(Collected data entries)
------------------------------------------------------------------------

lemma pib_bounded_below:
  fixes L :: "'h::finite \<Rightarrow> ('v \<Rightarrow> 's) pmf"
  assumes marg_pos: "\<And>t \<theta>. 0 < marg L i \<theta> (\<omega> t i)"
    and pi0_pos: "\<And>\<theta>. 0 < pi0 i \<theta>" and pi0_sum: "(\<Sum>\<theta>\<in>UNIV. pi0 i \<theta>) = 1"
    and llr_bdd: "\<And>\<theta>. \<exists>C. \<forall>t. C \<le> (\<Sum>s<t. log_lik_ratio L i \<theta>s \<theta> (\<omega> s i))"
  shows "\<exists>e>0. \<forall>t. e \<le> pib L pi0 \<omega> t i \<theta>s"
proof -
  obtain C where C: "\<And>\<theta> t. C \<theta> \<le> (\<Sum>s<t. log_lik_ratio L i \<theta>s \<theta> (\<omega> s i))"
    using llr_bdd by metis
  define B where "B = (\<Sum>\<theta>\<in>UNIV. pi0 i \<theta> / pi0 i \<theta>s * exp (- C \<theta>))"
  have "0 < B"
    unfolding B_def by (intro sum_pos) (auto intro!: divide_pos_pos mult_pos_pos pi0_pos)
  have "1 / B \<le> pib L pi0 \<omega> t i \<theta>s" for t
  proof -
    obtain c where "0 < c"
      and c: "\<And>\<theta>. pib L pi0 \<omega> t i \<theta> = c * pi0 i \<theta> * (\<Prod>s<t. marg L i \<theta> (\<omega> s i))"
      using pib_proportional_to_likelihood[of L i \<omega> pi0, OF marg_pos pi0_pos] by blast
    define P where "P \<theta> = (\<Prod>s<t. marg L i \<theta> (\<omega> s i))" for \<theta>
    have "0 < P \<theta>" for \<theta>
      unfolding P_def by (auto intro!: prod_pos marg_pos)
    have lik_bound: "P \<theta> \<le> P \<theta>s * exp (- C \<theta>)" for \<theta>
    proof -
      have "exp (C \<theta>) \<le> exp (\<Sum>s<t. log_lik_ratio L i \<theta>s \<theta> (\<omega> s i))"
        using C by simp
      also have "\<dots> = P \<theta>s / P \<theta>"
        by (simp add: P_def log_lik_ratio_def exp_sum marg_pos prod_dividef)
      finally show ?thesis
        using \<open>0 < P \<theta>\<close> by (simp add: exp_minus field_simps)
    qed
    have "pib L pi0 \<omega> t i \<theta> \<le> pib L pi0 \<omega> t i \<theta>s * (pi0 i \<theta> / pi0 i \<theta>s * exp (- C \<theta>))" for \<theta>
    proof -
      have "pib L pi0 \<omega> t i \<theta> \<le> c * pi0 i \<theta> * (P \<theta>s * exp (- C \<theta>))"
        unfolding c P_def[symmetric] using lik_bound \<open>0 < c\<close> pi0_pos[of \<theta>] by (intro mult_left_mono) auto
      also have "\<dots> = pib L pi0 \<omega> t i \<theta>s * (pi0 i \<theta> / pi0 i \<theta>s * exp (- C \<theta>))"
        unfolding c P_def[symmetric] using pi0_pos[of \<theta>s] by (simp add: field_simps)
      finally show ?thesis .
    qed
    then have "(\<Sum>\<theta>\<in>UNIV. pib L pi0 \<omega> t i \<theta>) \<le> pib L pi0 \<omega> t i \<theta>s * B"
      unfolding B_def sum_distrib_left by (intro sum_mono)
    then show ?thesis
      using sum_pib_eq_1[of L i \<omega> pi0, OF marg_pos pi0_pos pi0_sum] \<open>0 < B\<close> by (simp add: field_simps)
  qed
  then show ?thesis
    using \<open>0 < B\<close> by (intro exI[of _ "1 / B"]) simp
qed

lemma mub_pos:
  fixes L :: "'h::finite \<Rightarrow> ('v::finite \<Rightarrow> 's) pmf"
  assumes pib_pos: "\<And>t i \<theta>. 0 < pib L pi0 \<omega> t i \<theta>"
    and mu0_pos: "\<And>i \<theta>. 0 < mu0 i \<theta>"
  shows "0 < mub a E L pi0 mu0 \<omega> t i \<theta>"
proof (induction t arbitrary: i \<theta>)
  case (Suc t)
  have "0 < Min (insert (pib L pi0 \<omega> (Suc t) i p) ((\<lambda>j. mub a E L pi0 mu0 \<omega> t j p) ` {j. (j, i) \<in> E}))"
    for p using Suc.IH pib_pos by (simp del: pib.simps)
  then show ?case
    using Suc.IH by (simp add: sum_pos del: pib.simps)
qed (simp add: mu0_pos)

lemma mub_bounded_below:
  fixes L :: "'h::finite \<Rightarrow> ('v::finite \<Rightarrow> 's) pmf"
  assumes pib_pos: "\<And>t i \<theta>. 0 < pib L pi0 \<omega> t i \<theta>"
    and sum_pib: "\<And>t i. (\<Sum>\<theta>\<in>UNIV. pib L pi0 \<omega> t i \<theta>) = 1"
    and pib_ge: "\<And>t i. e \<le> pib L pi0 \<omega> t i \<theta>s"
    and mu0_pos: "\<And>i \<theta>. 0 < mu0 i \<theta>"
    and mu0_ge: "\<And>i. e \<le> mu0 i \<theta>s"
  shows "e \<le> mub a E L pi0 mu0 \<omega> t i \<theta>s"
proof (induction t arbitrary: i)
  case (Suc t)
  define N where "N p = Min (insert (pib L pi0 \<omega> (Suc t) i p) ((\<lambda>j. mub a E L pi0 mu0 \<omega> t j p) ` {j. (j, i) \<in> E}))" for p
  have N_pos: "0 < N p" for p
    unfolding N_def using pib_pos mub_pos[OF pib_pos mu0_pos] by (simp del: pib.simps)
  have "(\<Sum>p\<in>UNIV. N p) \<le> (\<Sum>p\<in>UNIV. pib L pi0 \<omega> (Suc t) i p)"
    unfolding N_def by (intro sum_mono Min_le) auto
  then have "(\<Sum>p\<in>UNIV. N p) \<le> 1"
    by (simp only: sum_pib)
  moreover have "0 < (\<Sum>p\<in>UNIV. N p)"
    by (intro sum_pos N_pos) auto
  ultimately have "N \<theta>s \<le> N \<theta>s / (\<Sum>p\<in>UNIV. N p)"
    using N_pos[of \<theta>s] by (simp add: le_divide_eq mult_left_le)
  moreover have "e \<le> N \<theta>s"
    unfolding N_def using Suc.IH pib_ge by (simp del: pib.simps)
  ultimately show ?case
    using Suc.IH by (simp add: N_def[symmetric] del: pib.simps)
qed (simp add: mu0_ge)

definition typical_path :: "('h \<Rightarrow> ('v \<Rightarrow> 's) pmf) \<Rightarrow> 'h \<Rightarrow> (nat \<Rightarrow> 'v \<Rightarrow> 's) \<Rightarrow> bool" where
  "typical_path L \<theta>s \<omega> \<longleftrightarrow> (\<forall>t. \<omega> t \<in> set_pmf (L \<theta>s)) \<and>
     (\<forall>i \<theta>. \<exists>C. \<forall>t. C \<le> (\<Sum>s<t. log_lik_ratio L i \<theta>s \<theta> (\<omega> s i)))"

lemma AE_typical_path:
  fixes L :: "'h::finite \<Rightarrow> ('v::finite \<Rightarrow> 's) pmf"
  assumes "\<And>i. finite (Sig i)"
    and "\<And>\<theta>. set_pmf (L \<theta>) \<subseteq> {s. \<forall>i. s i \<in> Sig i}"
    and "\<And>i \<theta> w. w \<in> Sig i \<Longrightarrow> 0 < marg L i \<theta> w"
  shows "AE \<omega> in pathM L \<theta>s. typical_path L \<theta>s \<omega>"
proof -
  have "AE \<omega> in pathM L \<theta>s. \<forall>i \<theta>. \<exists>C. \<forall>t. C \<le> (\<Sum>s<t. log_lik_ratio L i \<theta>s \<theta> (\<omega> s i))"
    by (intro eventually_all_finite allI) (rule AE_log_lik_ratio_sums_bounded_below[OF assms])
  with AE_pathM_in_support[of L \<theta>s] show ?thesis
    unfolding typical_path_def by eventually_elim simp
qed

lemma beliefs_bounded_below_on_typical_path:
  fixes L :: "'h::finite \<Rightarrow> ('v::finite \<Rightarrow> 's) pmf"
  assumes typical: "typical_path L \<theta>s \<omega>"
    and supp: "\<And>\<theta>. set_pmf (L \<theta>) \<subseteq> {s. \<forall>i. s i \<in> Sig i}"
    and marg_pos: "\<And>i \<theta> w. w \<in> Sig i \<Longrightarrow> 0 < marg L i \<theta> w"
    and pi0_pos: "\<And>i \<theta>. 0 < pi0 i \<theta>" and pi0_sum: "\<And>i. (\<Sum>\<theta>\<in>UNIV. pi0 i \<theta>) = 1"
    and mu0_pos: "\<And>i \<theta>. 0 < mu0 i \<theta>"
  shows "\<exists>e. 0 < e \<and> e < 1 \<and>
           (\<forall>t i. e \<le> pib L pi0 \<omega> t i \<theta>s \<and> e \<le> mub a E L pi0 mu0 \<omega> t i \<theta>s)"
proof -
  have path_marg_pos: "0 < marg L i \<theta> (\<omega> t i)" for t i \<theta>
    using typical supp[of \<theta>s] unfolding typical_path_def by (intro marg_pos) blast
  have llr_bdd: "\<exists>C. \<forall>t. C \<le> (\<Sum>s<t. log_lik_ratio L i \<theta>s \<theta> (\<omega> s i))" for i \<theta>
    using typical unfolding typical_path_def by blast
  have "\<exists>e>0. \<forall>t. e \<le> pib L pi0 \<omega> t i \<theta>s" for i
    using path_marg_pos pi0_pos pi0_sum llr_bdd by (rule pib_bounded_below)
  then obtain e_agent where e_agent_pos: "\<And>i. 0 < e_agent i"
    and e_agent_le: "\<And>i t. e_agent i \<le> pib L pi0 \<omega> t i \<theta>s"
    by metis
  define e where "e = min (1/2) (min (Min (range e_agent)) (Min (range (\<lambda>i. mu0 i \<theta>s))))"
  have "0 < e" "e < 1"
    unfolding e_def using e_agent_pos mu0_pos by auto
  have pib_ge: "e \<le> pib L pi0 \<omega> t i \<theta>s" for t i
    unfolding e_def by (rule order_trans[OF _ e_agent_le]) (simp add: min.coboundedI2 min.coboundedI1)
  have "e \<le> mu0 i \<theta>s" for i
    unfolding e_def by (simp add: min.coboundedI2)
  moreover have "0 < pib L pi0 \<omega> t i \<theta>" for t i \<theta>
    using path_marg_pos pi0_pos by (rule pib_pos)
  moreover have "(\<Sum>\<theta>\<in>UNIV. pib L pi0 \<omega> t i \<theta>) = 1" for t i
    using path_marg_pos pi0_pos pi0_sum by (rule sum_pib_eq_1)
  ultimately have "e \<le> mub a E L pi0 mu0 \<omega> t i \<theta>s" for t i
    using pib_ge mu0_pos by (intro mub_bounded_below)
  with pib_ge \<open>0 < e\<close> \<open>e < 1\<close> show ?thesis
    by blast
qed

------------------------------------------------------------------------

**What needs to be done**
Pull out every line of the records above that contains the word "shows".

**Output of the task**
  shows "\<exists>e>0. \<forall>t. e \<le> pib L pi0 \<omega> t i \<theta>s"
  shows "0 < mub a E L pi0 mu0 \<omega> t i \<theta>"
  shows "e \<le> mub a E L pi0 mu0 \<omega> t i \<theta>s"
  shows "AE \<omega> in pathM L \<theta>s. typical_path L \<theta>s \<omega>"
  shows "\<exists>e. 0 < e \<and> e < 1 \<and>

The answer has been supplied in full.